Wegen des Verdachts der Volksverhetzung hat die Gießener Kriminalpolizei ein Verfahren eingeleitet. Unbekannte hatten offenbar in der Nacht zum Mittwoch, 19.06., Flugblätter mitsamt CDs in Laubach-Ruppertsburg verteilt. Der Verfasser dieser Flugblätter bezieht sich dabei auf eine Aktion, bei der am heutigen Freitag "Stolpersteine" in Laubach verlegt werden. Diese sollen an die während der NS-Diktatur ermordeten Einwohner jüdischen Glaubens erinnern.

Das Schreiben hat offenbar auch zum Inhalt, dass der Holocaust verleugnet wird. Der Staatsschutz hat die Ermittlungen übernommen.

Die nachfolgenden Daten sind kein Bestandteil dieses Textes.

(* Let $A,A_1,A_2,\ldots$ be band operators on $\ell^2(\mathbb{Z})$ such that $\sup_m\|A_m\|<\infty$ and the band-widths of $A$ and all $A_m$ are bounded by a common $w\in\mathbb{N}$. If \[ \forall N\in\mathbb{N}\ \exists m_0\in\mathbb{N}\ \forall m\ge m_0:\quad\mathcal{C}_N(A_m)=\mathcal{C}_N(A), \] then $\nu(A_m)\to\nu(A)$ and, in fact, $\nu(A_m-\lambda)\to\nu(A-\lambda)$ for every $\lambda\in\mathbb{C}$, as $m\to\infty$.
   Context: A band operator on $\ell^2(\mathbb{Z})$ with band-width at most $w$ is a bounded operator whose matrix entries satisfy $A_{ij}=0$ for $|i-j|>w$. The lower norm is $\nu(T):=\inf\{\|Tx\|:\|x\|=1\}$. For $N\in\mathbb{N}$, $\mathcal{C}_N(A)$ is the set of all $(N+2w)\times N$ matrices $C=(C_{ij})_{i\in1-w..N+w,\,j\in1..N}$ with $C_{ij}=A_{k+i,k+j}$ for some $k\in\mathbb{Z}$ (the "$N$-column submatrices" of $A$), where $a..b:=\{n\in\mathbb{Z}:a\le n\le b\}$. *)

theory Defs
  imports "HOL-Analysis.Analysis"
begin

definition l2 :: "(int \<Rightarrow> complex) set" where
  "l2 = {x. (\<lambda>i. (cmod (x i))\<^sup>2) summable_on UNIV}"

definition l2norm :: "(int \<Rightarrow> complex) \<Rightarrow> real" where
  "l2norm x = sqrt (\<Sum>\<^sub>\<infinity>i. (cmod (x i))\<^sup>2)"

text \<open>Operators are represented by their (infinite) matrices a i j; the action on a
  sequence x is (A x)_i = sum_j a_ij x_j.\<close>
definition mat_apply :: "(int \<Rightarrow> int \<Rightarrow> complex) \<Rightarrow> (int \<Rightarrow> complex) \<Rightarrow> (int \<Rightarrow> complex)" where
  "mat_apply a x = (\<lambda>i. \<Sum>\<^sub>\<infinity>j. a i j * x j)"

definition band_op :: "nat \<Rightarrow> (int \<Rightarrow> int \<Rightarrow> complex) \<Rightarrow> bool" where
  "band_op w a \<longleftrightarrow> (\<forall>i j. \<bar>i - j\<bar> > int w \<longrightarrow> a i j = 0) \<and>
     (\<exists>C. \<forall>x\<in>l2. mat_apply a x \<in> l2 \<and> l2norm (mat_apply a x) \<le> C * l2norm x)"

definition opnorm :: "(int \<Rightarrow> int \<Rightarrow> complex) \<Rightarrow> real" where
  "opnorm a = Sup {l2norm (mat_apply a x) | x. x \<in> l2 \<and> l2norm x = 1}"

definition lower_norm :: "(int \<Rightarrow> int \<Rightarrow> complex) \<Rightarrow> real" where
  "lower_norm a = Inf {l2norm (mat_apply a x) | x. x \<in> l2 \<and> l2norm x = 1}"

definition shift_id :: "(int \<Rightarrow> int \<Rightarrow> complex) \<Rightarrow> complex \<Rightarrow> (int \<Rightarrow> int \<Rightarrow> complex)" where
  "shift_id a lam = (\<lambda>i j. a i j - (if i = j then lam else 0))"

Die Ermittlungen, beispielsweise die Auswertung der CDs, dauern laut Polizei derzeit noch an. 

Die Kripo sucht Zeugen, die Hinweise zum Verfasser beziehungsweise zum Verteiler der Flugblätter geben können. Die Schreiben wurde in der Nacht von Dienstag auf Mittwoch in Ruppertsburg verteilt. Hinweise bitte an die Kriminalpolizei in Gießen unter der Rufnummer 0641-7006 2555.